Никто Вулли не откликнулся, и он зашел в большую, залитую солнцем комнату слева от входа.
— Это гостиная, — сказал он, будто показывал самому себе дом.
С тех пор, как он был здесь в последний раз, почти ничего не изменилось. Часы, принадлежавшие дедушке его дедушки, все еще стояли у окна незаведенными. На рояле в углу все еще никто не играл. А книги на полках никто не читал.
Единственным нововведением был огромный китайский веер перед камином — словно камин стеснялся своей наружности. Вулли задумался, всегда ли веер там стоит или сестра убирает его на зиму, чтобы разжигать огонь. Но если так, куда она его кладет? Такой хрупкий и громоздкий на вид. Может, его можно сложить, как обычный веер, и припрятать в ящик?
Довольный этой идеей, Вулли завел часы, вышел из гостиной и продолжил экскурсию.
— Это столовая, — сказал он. — Здесь вы будете ужинать в дни рождения и праздники… Вот это единственная в доме дверь без ручки, и она качается взад-вперед… А это кухня… А вот это черный ход… А тут кабинет «Денниса» — туда никому нельзя.
Так, переходя из комнаты в комнату, Вулли сделал круг и вернулся к подножию лестницы.
— А это лестница, — сказал он, поднимаясь. — Это коридор. Здесь комната моей сестры и «Денниса». Это ванная. А здесь…
Вулли остановился перед приоткрытой дверью. Легко толкнув ее, он вошел в комнату, где все было так, как он ожидал, но в то же время как-то неожиданно.
Кровать все еще стояла в комнате, но ее передвинули на середину и накрыли большим-большим куском холстины. Холстины грязно-белой и забрызганной сотнями синих и серых капелек — похоже на одну из тех картин из Музея современного искусства. Шкаф, в котором раньше висели сорочки и пиджаки Вулли, оказался совершенно пустым. Не было ни вешалок, ни даже коробочки с шариками от моли, спрятанной некогда в темноте верхней полки.
Три стены в комнате остались белыми, но одна из них — та, у которой стояла лестница, — была теперь выкрашена в синий. Это был яркий и дружелюбный синий — как у машины Эммета.
Вулли не возмутился тем, что шкаф пуст, а кровать накрыли тканью, потому что эта комната одновременно была и не была его. Когда мать вышла замуж во второй раз и переехала в Палм-Бич, Сара отдала ему эту комнату.

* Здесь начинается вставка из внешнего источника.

(* If $G$ is a connected cubic graph with $n$ vertices, then $rc(L^2(G))\leq n+1$.
   Context: All graphs are simple, finite and undirected. $L(G)$ is the line graph of $G$ and $L^2(G)=L(L(G))$ is the iterated line graph. For an edge-colouring of a graph (adjacent edges may receive the same colour), a path is rainbow if no two of its edges have the same colour; the graph is rainbow connected if every two vertices are joined by a rainbow path. The rainbow connection number $rc(H)$ of a connected graph $H$ is the smallest number of colours in an edge-colouring making $H$ rainbow connected. *)

theory Defs
  imports Main
begin

type_synonym 'a graph = "'a set \<times> 'a set set"

definition simple_graph :: "'a graph \<Rightarrow> bool" where
  "simple_graph G \<longleftrightarrow> finite (fst G) \<and>
     (\<forall>e\<in>snd G. \<exists>u v. u \<in> fst G \<and> v \<in> fst G \<and> u \<noteq> v \<and> e = {u, v})"

definition line_graph :: "'a graph \<Rightarrow> 'a set graph" where
  "line_graph G = (snd G, {{e, f} | e f. e \<in> snd G \<and> f \<in> snd G \<and> e \<noteq> f \<and> e \<inter> f \<noteq> {}})"

definition degree :: "'a graph \<Rightarrow> 'a \<Rightarrow> nat" where
  "degree G v = card {e \<in> snd G. v \<in> e}"

definition cubic :: "'a graph \<Rightarrow> bool" where
  "cubic G \<longleftrightarrow> (\<forall>v\<in>fst G. degree G v = 3)"

definition is_path :: "'a graph \<Rightarrow> 'a list \<Rightarrow> bool" where
  "is_path G p \<longleftrightarrow> p \<noteq> [] \<and> distinct p \<and> set p \<subseteq> fst G \<and>
     (\<forall>i < length p - 1. {p ! i, p ! (i + 1)} \<in> snd G)"

definition path_edges :: "'a list \<Rightarrow> 'a set list" where
  "path_edges p = map (\<lambda>i. {p ! i, p ! (i + 1)}) [0..<length p - 1]"

definition connected_graph :: "'a graph \<Rightarrow> bool" where
  "connected_graph G \<longleftrightarrow> fst G \<noteq> {} \<and>
     (\<forall>u\<in>fst G. \<forall>v\<in>fst G. \<exists>p. is_path G p \<and> hd p = u \<and> last p = v)"

definition rainbow_path :: "('a set \<Rightarrow> nat) \<Rightarrow> 'a list \<Rightarrow> bool" where
  "rainbow_path c p \<longleftrightarrow> distinct (map c (path_edges p))"

definition rainbow_connected :: "'a graph \<Rightarrow> ('a set \<Rightarrow> nat) \<Rightarrow> bool" where
  "rainbow_connected G c \<longleftrightarrow>
     (\<forall>u\<in>fst G. \<forall>v\<in>fst G. \<exists>p. is_path G p \<and> hd p = u \<and> last p = v \<and> rainbow_path c p)"

definition rc :: "'a graph \<Rightarrow> nat" where
  "rc G = (LEAST k. \<exists>c :: 'a set \<Rightarrow> nat. (\<forall>e\<in>snd G. c e < k) \<and> rainbow_connected G c)"

end

theory Submission
  imports Defs
begin

text \<open>Number the \<open>n - 1\<close> edges of a spanning tree \<open>T\<close> of \<open>G\<close> by \<open>0, \<dots>, n - 2\<close>.
  A vertex of \<open>L\<^sup>2(G)\<close> is an angle, a pair of edges meeting in its apex, and an edge of
  \<open>L\<^sup>2(G)\<close> pivots about the edge shared by its two angles. Colour it by the number of the pivot
  when that is a tree edge, and otherwise by \<open>n - 1\<close> or \<open>n\<close>, the former exactly when the edge
  rotates about a vertex \<open>w\<close> and pivots about a fixed non-tree edge at \<open>w\<close>.
  Two angles with a common apex are adjacent, since the apex has only three edges. Otherwise the
  corners along the shortest tree path between the apexes form a path in \<open>L\<^sup>2(G)\<close> pivoting
  about distinct tree edges; at each end one rotation about the apex joins the given angle to it,
  pivoting about a tree edge not on the path or about a non-tree edge chosen so that the first
  rotation gets colour \<open>n - 1\<close> and the last one colour \<open>n\<close>.\<close>

section \<open>Walks and paths\<close>

fun walk :: "'a set set \<Rightarrow> 'a list \<Rightarrow> bool" where
  "walk T [] = False"
| "walk T [x] = True"
| "walk T (x # y # r) \<longleftrightarrow> {x, y} \<in> T \<and> walk T (y # r)"

lemma walk_iff_nth:
  "p \<noteq> [] \<Longrightarrow> walk T p \<longleftrightarrow> (\<forall>i < length p - 1. {p ! i, p ! (i + 1)} \<in> T)"
proof (induction T p rule: walk.induct)
  case (3 T x y r)
  then show ?case by (simp add: All_less_Suc2)
qed auto

lemma is_path_iff_walk:
  "is_path G p \<longleftrightarrow> distinct p \<and> set p \<subseteq> fst G \<and> walk (snd G) p"
  by (cases "p = []") (auto simp: is_path_def walk_iff_nth)

lemma walk_not_Nil: "walk T p \<Longrightarrow> p \<noteq> []"
  by auto

lemma walk_mono: "walk T p \<Longrightarrow> T \<subseteq> T' \<Longrightarrow> walk T' p"
  by (induction T p rule: walk.induct) auto

lemma walk_append: "walk T (p @ x # q) \<longleftrightarrow> walk T (p @ [x]) \<and> walk T (x # q)"
proof (induction p)
  case (Cons a p)
  then show ?case by (cases p) auto
qed simp

lemma walk_Cons: "p \<noteq> [] \<Longrightarrow> walk T (x # p) \<longleftrightarrow> {x, hd p} \<in> T \<and> walk T p"
  by (cases p) auto

lemma walk_snoc: "p \<noteq> [] \<Longrightarrow> walk T (p @ [z]) \<longleftrightarrow> walk T p \<and> {last p, z} \<in> T"
proof (induction p)
  case (Cons a p)
  then show ?case by (cases p) auto
qed simp

lemma walk_join:
  assumes "walk T p" "walk T q" "last p = hd q"
  shows "walk T (butlast p @ q)" "hd (butlast p @ q) = hd p" "last (butlast p @ q) = last q"
proof -
  have p: "butlast p @ [hd q] = p"
    using append_butlast_last_id[OF walk_not_Nil[OF assms(1)]] assms(3) by simp
  have q: "hd q # tl q = q"
    using walk_not_Nil[OF assms(2)] by simp
  have "walk T (butlast p @ hd q # tl q)"
    using walk_append[of T "butlast p" "hd q" "tl q"] p q assms(1,2) by simp
  then show "walk T (butlast p @ q)"
    using q by simp
  have "hd p = hd (butlast p @ [hd q])"
    using p by simp
  then show "hd (butlast p @ q) = hd p"
    by (simp add: hd_append)
  show "last (butlast p @ q) = last q"
    using walk_not_Nil[OF assms(2)] by simp
qed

Она разрешала ему жить здесь на осенних и весенних каникулах и во время пересменок между школами. И хотя Сара всегда просила его считать эту комнату своей, Вулли знал, что это не навсегда — во всяком случае, не для него. Она должна была стать чьим-то другим «навсегда».
По холмам под тканью Вулли различил коробки — их положили на матрас, прежде чем накрыть холстиной, отчего кровать стала походить на премаленькую баржу.
Удостоверившись, что все капли на холсте уже высохли, Вулли откинул его. На кровати лежали четыре картонные коробки, подписанные его именем.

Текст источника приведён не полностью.